[Dataset records Boundary: Start]

(* Let $i,j$ be integers with $0\leq j\leq i$. Then, as an identity of polynomials in $q$ (equivalently, of formal power series in $q$), $$\sum_{k=0}^{j}(q^{i-k+1};q)_k\,{j\brack k}\, q^{(i-k)(j-k)}=\sum_{\lambda\in O(i,j)}(-1)^{ol(\lambda)}\,q^{|\lambda|+ol(\lambda)\,(i-\ell(\lambda)+1)}\,q^{(i-\ell(\lambda))(j-\ell(\lambda))},$$ where $O(i,j)$ is the set of overpartitions defined in the context.
   Context: For $k\geq 1$, $(a;q)_k=(1-a)(1-aq)\cdots(1-aq^{k-1})$ and $(a;q)_0=1$; ${j\brack k}=\frac{(q;q)_j}{(q;q)_k(q;q)_{j-k}}$ is the Gaussian (q-binomial) coefficient. An overpartition with $k$ nonnegative parts is a sequence $\lambda=(\lambda_1,\dots,\lambda_k)$ of integers with $\lambda_1\geq\lambda_2\geq\cdots\geq\lambda_k\geq 0$ in which the first occurrence (leftmost position) of each value may or may not be marked as "overlined" (the value $0$ may also be overlined); thus overlined parts have distinct values. Its size is $|\lambda|=\sum_r\lambda_r$, its length $\ell(\lambda)=k$ counts all parts including zeros, and $ol(\lambda)$ is the number of overlined parts. For $0\leq k\leq j$, $O(i,j,k)$ denotes the set of overpartitions $\lambda$ with exactly $k$ nonnegative parts such that (1) every part is at most $j-1$; and (2) when $k\geq 2$, for each $1\leq s\leq k-1$ and each position $r$ with $\lambda_r=j-s$, at least $k-s$ of the parts $\lambda_{r+1},\dots,\lambda_k$ are overlined. (The paper also views each overline of an element of $O(i,j,k)$ as carrying weight $i-k+1$; this weight appears as the factor $i-\ell(\lambda)+1$ in the exponent.) $O(i,0,0)$ consists only of the empty partition, and $O(i,j)=\biguplus_{k=0}^{j}O(i,j,k)$. *)

theory Defs
  imports "HOL-Computational_Algebra.Polynomial"
begin

definition qX :: "int poly" where "qX = [:0, 1:]"

definition qpoch :: "int poly \<Rightarrow> nat \<Rightarrow> int poly" where
  "qpoch a k = (\<Prod>m<k. 1 - a * qX ^ m)"

text \<open>Gaussian binomial coefficient [j choose k] = (q;q)_j / ((q;q)_k (q;q)_(j-k)) (exact division).\<close>
definition qbinom :: "nat \<Rightarrow> nat \<Rightarrow> int poly" where
  "qbinom j k = qpoch qX j div (qpoch qX k * qpoch qX (j - k))"

text \<open>An overpartition with nonnegative parts: a list of (value, overlined) pairs,
  values weakly decreasing, and only the first (leftmost) occurrence of a value may be overlined.\<close>
definition is_overpartition :: "(nat \<times> bool) list \<Rightarrow> bool" where
  "is_overpartition lam \<longleftrightarrow>
     (\<forall>r. Suc r < length lam \<longrightarrow> fst (lam ! r) \<ge> fst (lam ! Suc r)) \<and>
     (\<forall>r < length lam. snd (lam ! r) \<longrightarrow> (\<forall>r' < r. fst (lam ! r') \<noteq> fst (lam ! r)))"

definition op_size :: "(nat \<times> bool) list \<Rightarrow> nat" where
  "op_size lam = (\<Sum>p\<leftarrow>lam. fst p)"

definition op_ol :: "(nat \<times> bool) list \<Rightarrow> nat" where
  "op_ol lam = length (filter snd lam)"

text \<open>O(i,j,k) (0-based positions; it does not actually depend on i).\<close>
definition O_set :: "nat \<Rightarrow> nat \<Rightarrow> nat \<Rightarrow> (nat \<times> bool) list set" where
  "O_set i j k = {lam. is_overpartition lam \<and> length lam = k \<and>
      (\<forall>r < k. fst (lam ! r) < j) \<and>
      (k \<ge> 2 \<longrightarrow> (\<forall>s \<in> {1..k-1}. \<forall>r < k. fst (lam ! r) = j - s \<longrightarrow>
          card {r'. r < r' \<and> r' < k \<and> snd (lam ! r')} \<ge> k - s))}"

definition O_all :: "nat \<Rightarrow> nat \<Rightarrow> (nat \<times> bool) list set" where
  "O_all i j = (\<Union>k\<in>{0..j}. O_set i j k)"

end

theory Submission
  imports Defs
begin

text \<open>Condition (2) on \<open>O(i,j,k)\<close> says that every part satisfies
  \<open>\<lambda>\<^sub>r + k \<le> j + #{overlined parts after r}\<close>. Weighting each overline by \<open>a\<close> and the
  size by \<open>q\<close>, the generating function \<open>F(j,k)\<close> of such overpartitions satisfies
  \<open>F(j+1,k+1) = q\<^sup>k\<^sup>+\<^sup>1 F(j,k+1) + (1 + a q\<^sup>k) F(j,k)\<close>: either all parts are positive and
  are lowered by one, or the last part is a zero, which is simply dropped if it is plain, and
  dropped after lowering the (necessarily positive) other parts if it is overlined. By the
  q-Pascal rule \<open>[j,k] (-a;q)\<^sub>k\<close> obeys the same recurrence, and \<open>a = -q\<^sup>i\<^sup>-\<^sup>k\<^sup>+\<^sup>1\<close> turns
  the \<open>k\<close>-th term on the left into the sum over \<open>O(i,j,k)\<close>.\<close>

fun gauss_binom :: "nat \<Rightarrow> nat \<Rightarrow> int poly" where
  "gauss_binom j 0 = 1"
| "gauss_binom 0 (Suc k) = 0"
| "gauss_binom (Suc j) (Suc k) = gauss_binom j k + qX ^ Suc k * gauss_binom j (Suc k)"

lemma gauss_binom_eq_0: "j < k \<Longrightarrow> gauss_binom j k = 0"
  by (induction j k rule: gauss_binom.induct) auto

lemma gauss_binom_diag: "gauss_binom j j = 1"
  by (induction j) (auto simp: gauss_binom_eq_0)

lemma qpoch_qX_Suc: "qpoch qX (Suc n) = qpoch qX n * (1 - qX ^ Suc n)"
  by (simp add: qpoch_def)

[Dataset records Boundary: End]

**Assignment:**
Produce only the lines from the line containing "poly \<Rightarrow> nat" through the line containing "(\<forall>r < k.", inclusive of both, exactly as they stand in the entries above.

**Completed task:**
definition qpoch :: "int poly \<Rightarrow> nat \<Rightarrow> int poly" where
  "qpoch a k = (\<Prod>m<k. 1 - a * qX ^ m)"

text \<open>Gaussian binomial coefficient [j choose k] = (q;q)_j / ((q;q)_k (q;q)_(j-k)) (exact division).\<close>
definition qbinom :: "nat \<Rightarrow> nat \<Rightarrow> int poly" where
  "qbinom j k = qpoch qX j div (qpoch qX k * qpoch qX (j - k))"

text \<open>An overpartition with nonnegative parts: a list of (value, overlined) pairs,
  values weakly decreasing, and only the first (leftmost) occurrence of a value may be overlined.\<close>
definition is_overpartition :: "(nat \<times> bool) list \<Rightarrow> bool" where
  "is_overpartition lam \<longleftrightarrow>
     (\<forall>r. Suc r < length lam \<longrightarrow> fst (lam ! r) \<ge> fst (lam ! Suc r)) \<and>
     (\<forall>r < length lam. snd (lam ! r) \<longrightarrow> (\<forall>r' < r. fst (lam ! r') \<noteq> fst (lam ! r)))"

definition op_size :: "(nat \<times> bool) list \<Rightarrow> nat" where
  "op_size lam = (\<Sum>p\<leftarrow>lam. fst p)"

definition op_ol :: "(nat \<times> bool) list \<Rightarrow> nat" where
  "op_ol lam = length (filter snd lam)"

text \<open>O(i,j,k) (0-based positions; it does not actually depend on i).\<close>
definition O_set :: "nat \<Rightarrow> nat \<Rightarrow> nat \<Rightarrow> (nat \<times> bool) list set" where
  "O_set i j k = {lam. is_overpartition lam \<and> length lam = k \<and>
      (\<forall>r < k. fst (lam ! r) < j) \<and>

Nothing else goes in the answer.